US Hacking, Spyware Targets Include Mass Media, Phone, and Energy Companies
Robert Barsocchini — via Washingtonsblog May 19, 2016
“The U.S. National Security Agency has figured out how to hide spying software deep within hard drives …. giving the agency the means to eavesdrop on the majority of the world’s computers, according to cyber researchers and former operatives.
That long-sought and closely guarded ability was part of a cluster of spying programs discovered by Kaspersky Lab, the Moscow-based security software maker that has exposed a series of Western cyberespionage operations.
Kaspersky said it found personal computers in 30 countries infected with one or more of the spying programs, with the most infections seen in Iran [a US corporate target since 1953], followed by Russia, Pakistan, Afghanistan, China, Mali, Syria, Yemen and Algeria. The targets included government and military institutions, telecommunication companies, banks, energy companies, nuclear researchers, media, and Islamic activists, Kaspersky said.”
These hacking and spyware operations date back “at least 14 years and possibly up to two decades”.
Spyware Linked To NSA Discovered In Hard Drives Across The World
Giuseppe Macri — Daily Caller Feb 17, 2015
Noted cybersecruity firm Kaspersky Lab has discovered evidence of advanced spyware likely tied to the National Security Agency embedded deep in hard drives from more than a dozen manufacturers worldwide.
According to the Moscow-based firm, which released a report detailing the threat Monday, the spyware is able to reprogram the firmware of infected hard drives and inject the computers they’re built into with highly effective and evasive malware, adept at gathering information and avoiding detection.
Attributed to hackers dubbed “The Equation Group” by Kaspersky, the threat “surpasses anything known in terms of complexity and sophistication of techniques,” and has been active in major hard drives manufactured by Western Digital, Seagate, Toshiba and others in more than 30 countries over the last 20 years.

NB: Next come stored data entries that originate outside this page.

lemma dominant_index_exists:
  assumes "P \<noteq> 0"
  shows "\<exists>u. dominant_index \<alpha> p P u"
proof -
  let ?w = "val_weight \<alpha> p P"
  define A where "A = {i. coeff P i \<noteq> 0}"
  define T where "T = Min (?w ` A)"
  define B where "B = {i\<in>A. ?w i = T}"
  have "finite A"
    unfolding A_def by (rule finite_subset[of _ "{..degree P}"]) (auto intro: le_degree)
  moreover have "degree P \<in> A"
    using assms by (simp add: A_def)
  ultimately have T_in: "T \<in> ?w ` A" and T_le: "\<And>i. i \<in> A \<Longrightarrow> T \<le> ?w i"
    unfolding T_def by (auto intro: Min_in Min_le)
  have "finite B" "B \<noteq> {}"
    using \<open>finite A\<close> T_in by (auto simp: B_def)
  then have u: "Max B \<in> B" and u_max: "\<And>i. i \<in> B \<Longrightarrow> i \<le> Max B"
    by auto
  have "?w (Max B) < ?w i" if "i > Max B" "coeff P i \<noteq> 0" for i
    using u_max[of i] T_le[of i] u that by (force simp: B_def A_def)
  then have "dominant_index \<alpha> p P (Max B)"
    using u T_le unfolding dominant_index_def B_def A_def by auto
  then show ?thesis ..
qed

lemma dominant_index_unique:
  assumes "dominant_index \<alpha> p P u" and "dominant_index \<alpha> p P v"
  shows "u = v"
  using assms unfolding dominant_index_def by (metis leD linorder_neqE_nat)

lemma power_dvd_coeff_product:
  assumes p: "prime_elem p" and "\<alpha> > 0" and nz: "coeff G i \<noteq> 0" "coeff H j \<noteq> 0"
    and less: "\<alpha> * e + (i + j) < val_weight \<alpha> p G i + val_weight \<alpha> p H j"
  shows "p ^ Suc e dvd coeff G i * coeff H j"
proof (rule multiplicity_dvd')
  have "\<alpha> * e < \<alpha> * (multiplicity p (coeff G i) + multiplicity p (coeff H j))"
    using less by (simp add: val_weight_def algebra_simps)
  then show "Suc e \<le> multiplicity p (coeff G i * coeff H j)"
    using p nz by (simp add: prime_elem_multiplicity_mult_distrib)
qed

lemma multiplicity_add_power_dvd:
  fixes x y :: "'a::{factorial_semiring,idom}"
  assumes p: "\<not> is_unit p" and x: "x \<noteq> 0" and y: "p ^ Suc (multiplicity p x) dvd y"
  shows "\<not> p ^ Suc (multiplicity p x) dvd x + y" and "multiplicity p (x + y) = multiplicity p x"
proof -
  show not_dvd: "\<not> p ^ Suc (multiplicity p x) dvd x + y"
    using power_dvd_iff_le_multiplicity[OF x p, of "Suc (multiplicity p x)"] dvd_add_left_iff[OF y]
    by simp
  have "p ^ multiplicity p x dvd y"
    using y by (rule dvd_trans[rotated]) (simp add: le_imp_power_dvd)
  then have "p ^ multiplicity p x dvd x + y"
    by (simp add: multiplicity_dvd)
  with not_dvd show "multiplicity p (x + y) = multiplicity p x"
    by (intro multiplicity_eqI)
qed

lemma val_weight_mult_ge:
  assumes p: "prime_elem p" and \<alpha>: "\<alpha> > 0" and nz: "coeff (G * H) m \<noteq> 0"
    and bound: "\<And>i. i \<le> m \<Longrightarrow> coeff G i \<noteq> 0 \<Longrightarrow> coeff H (m - i) \<noteq> 0 \<Longrightarrow>
      T \<le> val_weight \<alpha> p G i + val_weight \<alpha> p H (m - i)"
  shows "T \<le> val_weight \<alpha> p (G * H) m"
proof (rule ccontr)
  define e where "e = multiplicity p (coeff (G * H) m)"
  assume "\<not> ?thesis"
  then have less: "\<alpha> * e + m < T"
    by (simp add: val_weight_def e_def)
  have "p ^ Suc e dvd coeff G i * coeff H (m - i)" if "i \<le> m" for i
  proof (cases "coeff G i = 0 \<or> coeff H (m - i) = 0")
    case False
    then show ?thesis
      using power_dvd_coeff_product[OF p \<alpha>, of G i H "m - i" e] bound[of i] less that by fastforce
  qed auto
  then have "p ^ Suc e dvd coeff (G * H) m"
    unfolding coeff_mult by (intro dvd_sum) simp
  then have "Suc e \<le> e"
    unfolding e_def by (rule multiplicity_geI[OF nz prime_elem_not_unit[OF p]])
  then show False
    by simp
qed

lemma coeff_mult_split:
  assumes "u \<le> m"
  shows "coeff (G * H) m = coeff G u * coeff H (m - u) + (\<Sum>i\<in>{..m} - {u}. coeff G i * coeff H (m - i))"
  unfolding coeff_mult using assms by (subst sum.remove[of _ u]) auto

lemma dominant_index_mult:
  assumes p: "prime_elem p" and \<alpha>: "\<alpha> > 0"
    and u: "dominant_index \<alpha> p G u" and v: "dominant_index \<alpha> p H v"
  shows "dominant_index \<alpha> p (G * H) (u + v)"
    and "val_weight \<alpha> p (G * H) (u + v) = val_weight \<alpha> p G u + val_weight \<alpha> p H v"
proof -
  let ?wG = "val_weight \<alpha> p G" and ?wH = "val_weight \<alpha> p H" and ?w = "val_weight \<alpha> p (G * H)"
  define T where "T = ?wG u + ?wH v"
  have pair_ge: "T \<le> ?wG i + ?wH j" if "coeff G i \<noteq> 0" "coeff H j \<noteq> 0" for i j
    using u v that by (simp add: dominant_index_def T_def add_mono)
  have pair_gt: "T < ?wG i + ?wH j" if "coeff G i \<noteq> 0" "coeff H j \<noteq> 0" "u < i \<or> v < j" for i j
    using u v that unfolding dominant_index_def T_def by (meson add_less_le_mono add_le_less_mono)
  define x where "x = coeff G u * coeff H v"
  define y where "y = (\<Sum>i\<in>{..u + v} - {u}. coeff G i * coeff H (u + v - i))"
  have x0: "x \<noteq> 0"
    using u v by (simp add: dominant_index_def x_def)
  have e: "\<alpha> * multiplicity p x + (u + v) = T"
    using u v p by (simp add: dominant_index_def x_def T_def val_weight_def
        prime_elem_multiplicity_mult_distrib algebra_simps)
  have y_dvd: "p ^ Suc (multiplicity p x) dvd y"
    unfolding y_def
  proof (intro dvd_sum)
    fix i assume i: "i \<in> {..u + v} - {u}"
    show "p ^ Suc (multiplicity p x) dvd coeff G i * coeff H (u + v - i)"
    proof (cases "coeff G i = 0 \<or> coeff H (u + v - i) = 0")
      case False
      have "u < i \<or> v < u + v - i"
        using i by auto
      then show ?thesis
        using False i e pair_gt[of i "u + v - i"]
        by (intro power_dvd_coeff_product[OF p \<alpha>]) auto
    qed auto
  qed
  have coeff_uv: "coeff (G * H) (u + v) = x + y"
    unfolding x_def y_def using coeff_mult_split[of u "u + v" G H] by simp
  note sum = multiplicity_add_power_dvd[OF prime_elem_not_unit[OF p] x0 y_dvd]
  have nz: "coeff (G * H) (u + v) \<noteq> 0"
    using sum(1) coeff_uv by auto
  have val: "?w (u + v) = T"
    using sum(2) coeff_uv e by (simp add: val_weight_def)
  have "T \<le> ?w m" if "coeff (G * H) m \<noteq> 0" for m
    using that pair_ge by (intro val_weight_mult_ge[OF p \<alpha>])
  moreover have "Suc T \<le> ?w m" if "coeff (G * H) m \<noteq> 0" "m > u + v" for m
  proof (intro val_weight_mult_ge[OF p \<alpha>])
    fix i assume "i \<le> m" "coeff G i \<noteq> 0" "coeff H (m - i) \<noteq> 0"
    moreover have "u < i \<or> v < m - i"
      using that(2) by linarith
    ultimately show "Suc T \<le> ?wG i + ?wH (m - i)"
      using pair_gt by (simp add: Suc_le_eq)
  qed fact
  ultimately show "dominant_index \<alpha> p (G * H) (u + v)"
    using nz val by (auto simp: dominant_index_def Suc_le_eq)
  show "?w (u + v) = ?wG u + ?wH v"
    using val by (simp add: T_def)
qed

lemma dominant_index_zero_of_min_multiplicity:
  assumes "coeff G 0 \<noteq> 0" and "\<And>i. coeff G i \<noteq> 0 \<Longrightarrow> multiplicity p (coeff G 0) \<le> multiplicity p (coeff G i)"
  shows "dominant_index \<alpha> p G 0"
proof -
  have "val_weight \<alpha> p G 0 + i \<le> val_weight \<alpha> p G i" if "coeff G i \<noteq> 0" for i
    using assms(2)[OF that] by (simp add: val_weight_def)
  then show ?thesis
    using assms(1) by (fastforce simp: dominant_index_def)
qed

lemma min_multiplicity_of_dominant_index_zero:
  assumes "dominant_index k p G 0" and "degree G \<le> k" and "coeff G i \<noteq> 0"
  shows "multiplicity p (coeff G 0) \<le> multiplicity p (coeff G i)"
proof (cases "i = 0")
  case False
  have "i \<le> k"
    using assms(2,3) le_degree by fastforce
  have "k * multiplicity p (coeff G 0) < k * multiplicity p (coeff G i) + i"
    using assms(1,3) False by (simp add: dominant_index_def val_weight_def)
  also have "\<dots> \<le> k * Suc (multiplicity p (coeff G i))"
    using \<open>i \<le> k\<close> by simp
  finally show ?thesis
    by (simp add: mult_less_cancel1 del: mult_Suc_right)
qed simp

lemma no_factor_of_degree:
  fixes G H :: "'a::{factorial_semiring,idom} poly"
  assumes p: "prime_elem p" and k: "k > 0" and dG: "degree G = k"
    and F0: "coeff (G * H) 0 \<noteq> 0"
    and slope: "\<And>j. j \<ge> 1 \<Longrightarrow> coeff (G * H) j \<noteq> 0 \<Longrightarrow>
      k * multiplicity p (coeff (G * H) 0) < k * multiplicity p (coeff (G * H) j) + j"
    and low: "\<And>j. j \<le> degree (G * H) - k \<Longrightarrow> coeff (G * H) j \<noteq> 0 \<Longrightarrow>
      multiplicity p (lead_coeff (G * H)) < multiplicity p (coeff (G * H) j)"
  shows False
proof -
  let ?F = "G * H" and ?n = "degree (G * H)"
  have G0: "G \<noteq> 0" and H0: "H \<noteq> 0"
    using F0 by auto
  have dH: "degree H = ?n - k"
    using degree_mult_eq[OF G0 H0] dG by simp
  have "val_weight k p ?F 0 < val_weight k p ?F j" if "j > 0" "coeff ?F j \<noteq> 0" for j
    using slope[of j] that by (simp add: val_weight_def)
  then have "dominant_index k p ?F 0"
    using F0 unfolding dominant_index_def by (metis le_less neq0_conv)
  moreover obtain u where u: "dominant_index k p G u"
    using dominant_index_exists[OF G0] ..
  moreover obtain v where "dominant_index k p H v"
    using dominant_index_exists[OF H0] ..
  ultimately have "u + v = 0"
    using dominant_index_mult(1)[OF p k u] dominant_index_unique by blast
  then have "dominant_index k p G 0"
    using u by simp
  \<comment> \<open>a weight exceeding every index compares valuations first\<close>
  then have "dominant_index (Suc ?n) p G 0"
    using min_multiplicity_of_dominant_index_zero dG
    by (intro dominant_index_zero_of_min_multiplicity) (auto simp: dominant_index_def)
  moreover obtain w where w: "dominant_index (Suc ?n) p H w"
    using dominant_index_exists[OF H0] ..
  ultimately have Fw: "dominant_index (Suc ?n) p ?F w"
    using dominant_index_mult(1)[OF p] by fastforce
  have "w \<le> degree H"
    using w by (auto simp: dominant_index_def intro: le_degree)
  then have "w \<le> ?n - k"
    using dH by simp
  then have "multiplicity p (lead_coeff ?F) < multiplicity p (coeff ?F w)"
    using low Fw by (simp add: dominant_index_def)
  moreover have "val_weight (Suc ?n) p ?F w \<le> val_weight (Suc ?n) p ?F ?n"
    using Fw F0 unfolding dominant_index_def by (metis leading_coeff_0_iff mult_eq_0_iff coeff_0)
  then have "Suc ?n * multiplicity p (coeff ?F w) < Suc ?n * Suc (multiplicity p (lead_coeff ?F))"
    by (simp add: val_weight_def)
  ultimately show False
    by (simp only: mult_less_cancel1) simp
qed

lemma no_factor_of_degree_smult:
  fixes F G H :: "'a::{factorial_semiring,idom} poly"
  assumes p: "prime_elem p" and k: "k > 0" and dG: "degree G = k"
    and GH: "G * H = smult d F" and d: "d \<noteq> 0"
    and F0: "coeff F 0 \<noteq> 0"
    and slope: "\<And>j. j \<ge> 1 \<Longrightarrow> coeff F j \<noteq> 0 \<Longrightarrow>
      k * multiplicity p (coeff F 0) < k * multiplicity p (coeff F j) + j"
    and low: "\<And>j. j \<le> degree F - k \<Longrightarrow> coeff F j \<noteq> 0 \<Longrightarrow>
      multiplicity p (lead_coeff F) < multiplicity p (coeff F j)"
  shows False
proof (rule no_factor_of_degree[OF p k dG])
  have coeff_GH: "coeff (G * H) j = d * coeff F j" for j
    using GH by simp
  have val: "multiplicity p (d * coeff F j) = multiplicity p d + multiplicity p (coeff F j)"
    if "coeff F j \<noteq> 0" for j
    using p d that by (simp add: prime_elem_multiplicity_mult_distrib)
  have degree: "degree (G * H) = degree F"
    using GH d by simp
  show "coeff (G * H) 0 \<noteq> 0"
    using F0 d by (simp add: coeff_GH)
  show "k * multiplicity p (coeff (G * H) 0) < k * multiplicity p (coeff (G * H) j) + j"
    if "j \<ge> 1" "coeff (G * H) j \<noteq> 0" for j
    using slope[of j] that F0 d by (simp add: coeff_GH val algebra_simps)
  show "multiplicity p (lead_coeff (G * H)) < multiplicity p (coeff (G * H) j)"
    if "j \<le> degree (G * H) - k" "coeff (G * H) j \<noteq> 0" for j
  proof -
    have "F \<noteq> 0"
      using F0 by auto
    then show ?thesis
      using low[of j] that degree val[of "degree F"] by (auto simp: coeff_GH val)
  qed
qed

section \<open>Rational factors of integer polynomials\<close>

lemma map_poly_of_int_mult:
  "map_poly (of_int :: int \<Rightarrow> 'a::comm_ring_1) (P * Q) = map_poly of_int P * map_poly of_int Q"
  by (intro poly_eqI) (simp add: coeff_map_poly coeff_mult)

lemma map_poly_of_int_inject:
  assumes "map_poly (of_int :: int \<Rightarrow> 'a::ring_char_0) P = map_poly of_int Q"
  shows "P = Q"
proof (rule poly_eqI)
  fix i
  show "coeff P i = coeff Q i"
    using arg_cong[OF assms, of "\<lambda>R. coeff R i"] by (simp add: coeff_map_poly)
qed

The suite of surveillance platforms has been behind more than 500 attacks against military and government institutions, banks, telecommunications companies, energy companies, Islamic activists and media in Iran, Russia, Pakistan, Afghanistan, China, Mali, Syria, Yemen, Algeria and others
According to Kaspersky, the number of attacks is likely much higher — possibly in the tens of thousands — but self-destruct mechanisms embedded in the infections makes the true number virtually uncountable.
While the firm did not mention the NSA by name in its report, Equation Group was linked to the Stuxnet virus deployed by the signals intelligence agency between 2007 and 2008 to sabotage Iranian uranium enrichment centrifuges, which successfully destroyed about one-fifth of the country’s nuclear enrichment infrastructure.
Spokespersons for both Western Digital and Seagate deny sharing their hard drives’ source code with the government. However, a former NSA analyst confirmed to Reuters that the NSA has ways of obtaining the source code for hard drives from companies, including “posing as a software developer” or requesting a security audit for a proposed purchase.
“They don’t admit it, but they do say, ‘We’re going to do an evaluation, we need the source code,’” former NSA analyst Vincent Liu said in the report. “It’s usually the NSA doing the evaluation, and it’s a pretty small leap to say they’re going to keep that source code”.
Kaspersky’s report also details the existence of an Equation Group tool known as the “Fanny” worm, which is used to surveil computer networks not connected to the Internet. The worm is installed in secret compartments on intercepted USB sticks or CD-ROMS, and infects such “air-gapped” networks when inserted into a computer on that network. The worm then transmits the information it gleaned back to Equation after it’s plugged into an Internet-connected computer again.
Vulnerabilities uncovered by Fanny were later found to have been exploited by Stuxnet.